At the “One Planet Summit” in Paris in December 2017, the momentum by the financial industry to align flows with climate objectives has become visible. The World Bank for example announced it will no longer finance upstream oil and gas projects after 2019.
Since then, there have been some global efforts in this direction. For example, at the latest Conference of the Parties of the UNFCCC – the COP24 – a group of Multilateral Development Banks including the World Bank, the Asian Development Bank and the EIB, announced a common approach to align their operations with the objectives set in Paris in 2015. Unfortunately, this contains no concrete commitment about the much-needed, complete phase out of their fossil fuels investments, that’s why the EIB needs to set this change in stone in its next energy policy.
In depth: What happened when the EIB last updated its Energy Lending Policy in 2013?
The current Energy Lending Criteria adopted in 2013 were a first step towards a new approach by the bank to the energy sector. Following a fierce civil society campaign, the bank decided to tighten the criteria for fossil fuel power plants by setting-up the Emission Performance Standard (EPS) which practically ruled out most of the EIB lending to coal (not without exceptions), and helped eliminate the most polluting electricity generation installations from the EIB’s portfolio. Also, under the guidance of this policy between 2013 and 2017 the bank has granted loans worth almost € 20 billion in support of renewable energy sources globally and at least another € 11 billion for energy efficiency.

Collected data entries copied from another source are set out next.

(* Let $\mathcal{P}=\langle P,\le\rangle$ be a finite bounded poset with $|P|\ge 2$. Then there exists $m\in\mathbb{N}$ such that $(R^+_{All})^m(\mathcal{P})$ is graded.
   Context: A poset is bounded if it has a least element $\bot$ and greatest element $\top$. The height $H$ of a finite poset is the number of elements in its largest chain. $a\lessdot b$ denotes covering. A bounded poset with top $\top$ and height $H$ is graded if there is $\rho:P\to\{0,\dots,H-1\}$ with $\rho(\top)=0$ and $\rho(a)=\rho(b)-1$ whenever $a\lessdot b$. For $a\in P$, $\uparrow a=\{b:b\ge a\}$, $\downarrow a=\{b:b\le a\}$ as subposets; the standard interval rank is $R^+(a)=[H(\uparrow a)-1,\;H(\mathcal{P})-H(\downarrow a)]$. Weak order: $[x_*,x^*]\le_W[y_*,y^*]$ iff $x_*\le y_*$ and $x^*\le y^*$. Define $R^+_{All}(\mathcal{P})=\langle P,\le_{R_A}\rangle$ on the same underlying set, where $p<_{R_A}q$ iff $R^+(p)>_W R^+(q)$ (strictly), and $\le_{R_A}$ is the reflexive closure of $<_{R_A}$ (so distinct elements with equal standard interval rank are incomparable). $(R^+_{All})^m$ denotes $m$-fold iteration, each time computing $R^+$ in the current poset. *)

theory Defs
  imports Main
begin

definition poset :: "'a set \<Rightarrow> ('a \<Rightarrow> 'a \<Rightarrow> bool) \<Rightarrow> bool" where
  "poset P le \<longleftrightarrow> (\<forall>x\<in>P. le x x)
     \<and> (\<forall>x\<in>P. \<forall>y\<in>P. le x y \<and> le y x \<longrightarrow> x = y)
     \<and> (\<forall>x\<in>P. \<forall>y\<in>P. \<forall>z\<in>P. le x y \<and> le y z \<longrightarrow> le x z)"

definition is_bot :: "'a set \<Rightarrow> ('a \<Rightarrow> 'a \<Rightarrow> bool) \<Rightarrow> 'a \<Rightarrow> bool" where
  "is_bot P le b \<longleftrightarrow> b \<in> P \<and> (\<forall>x\<in>P. le b x)"

definition is_top :: "'a set \<Rightarrow> ('a \<Rightarrow> 'a \<Rightarrow> bool) \<Rightarrow> 'a \<Rightarrow> bool" where
  "is_top P le t \<longleftrightarrow> t \<in> P \<and> (\<forall>x\<in>P. le x t)"

definition bounded_poset :: "'a set \<Rightarrow> ('a \<Rightarrow> 'a \<Rightarrow> bool) \<Rightarrow> bool" where
  "bounded_poset P le \<longleftrightarrow> poset P le \<and> (\<exists>b. is_bot P le b) \<and> (\<exists>t. is_top P le t)"

definition is_chain :: "('a \<Rightarrow> 'a \<Rightarrow> bool) \<Rightarrow> 'a set \<Rightarrow> bool" where
  "is_chain le C \<longleftrightarrow> (\<forall>x\<in>C. \<forall>y\<in>C. le x y \<or> le y x)"

definition height :: "'a set \<Rightarrow> ('a \<Rightarrow> 'a \<Rightarrow> bool) \<Rightarrow> nat" where
  "height S le = Max {card C | C. C \<subseteq> S \<and> is_chain le C}"

definition covers :: "'a set \<Rightarrow> ('a \<Rightarrow> 'a \<Rightarrow> bool) \<Rightarrow> 'a \<Rightarrow> 'a \<Rightarrow> bool" where
  "covers P le a b \<longleftrightarrow> a \<in> P \<and> b \<in> P \<and> le a b \<and> a \<noteq> b
     \<and> \<not> (\<exists>c\<in>P. le a c \<and> le c b \<and> c \<noteq> a \<and> c \<noteq> b)"

definition graded :: "'a set \<Rightarrow> ('a \<Rightarrow> 'a \<Rightarrow> bool) \<Rightarrow> bool" where
  "graded P le \<longleftrightarrow> bounded_poset P le \<and>
     (\<exists>\<rho> :: 'a \<Rightarrow> nat. (\<forall>x\<in>P. \<rho> x < height P le)
        \<and> (\<forall>t. is_top P le t \<longrightarrow> \<rho> t = 0)
        \<and> (\<forall>a b. covers P le a b \<longrightarrow> \<rho> a = \<rho> b + 1))"

definition interval_rank :: "'a set \<Rightarrow> ('a \<Rightarrow> 'a \<Rightarrow> bool) \<Rightarrow> 'a \<Rightarrow> nat \<times> nat" where
  "interval_rank P le a =
     (height {b \<in> P. le a b} le - 1, height P le - height {b \<in> P. le b a} le)"

definition weak_le :: "nat \<times> nat \<Rightarrow> nat \<times> nat \<Rightarrow> bool" where
  "weak_le x y \<longleftrightarrow> fst x \<le> fst y \<and> snd x \<le> snd y"

definition R_All :: "'a set \<Rightarrow> ('a \<Rightarrow> 'a \<Rightarrow> bool) \<Rightarrow> ('a \<Rightarrow> 'a \<Rightarrow> bool)" where
  "R_All P le = (\<lambda>p q. p = q \<or>
     (p \<in> P \<and> q \<in> P \<and> weak_le (interval_rank P le q) (interval_rank P le p)
        \<and> interval_rank P le q \<noteq> interval_rank P le p))"

end

theory Submission
  imports Defs
begin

Still, in a deeply-changed global context, such measures are now far from sufficient to reflect the climate engagements the EU has committed to under the Paris Agreement. New forward-looking criteria for the EIB’s Energy Lending are urgently needed.
In depth: What have other EU institutions recommended to the EIB?
The European Parliament has repeatedly called on the bank to take a more sustainable path for its finance, but its calls remained unheard. In particular, in its 2019 reports on the EIB, the Parliament criticized the EIB’s lack of action on climate, and urged it to phase out fossil fuels. The European Parliament:
“Notes the on-going review of the EIB Energy Lending Criteria; expects this review to be aligned with the 2015 Paris Agreement; reiterates the call to the EIB to prioritise its lending to energy efficient and small-scale, decentralised RES and to present an ambitious plan to stop funding fossil fuels’ projects; calls on the EIB to aim to become a climate action leader and to increase investment in the renewable energy and energy efficiency sector, as well as to consider that goal as a priority in the revision of its energy lending criteria”
In parallel, the High-level group of experts on EU Sustainable Finance has also asked European public finance and the EIB to take a similar direction.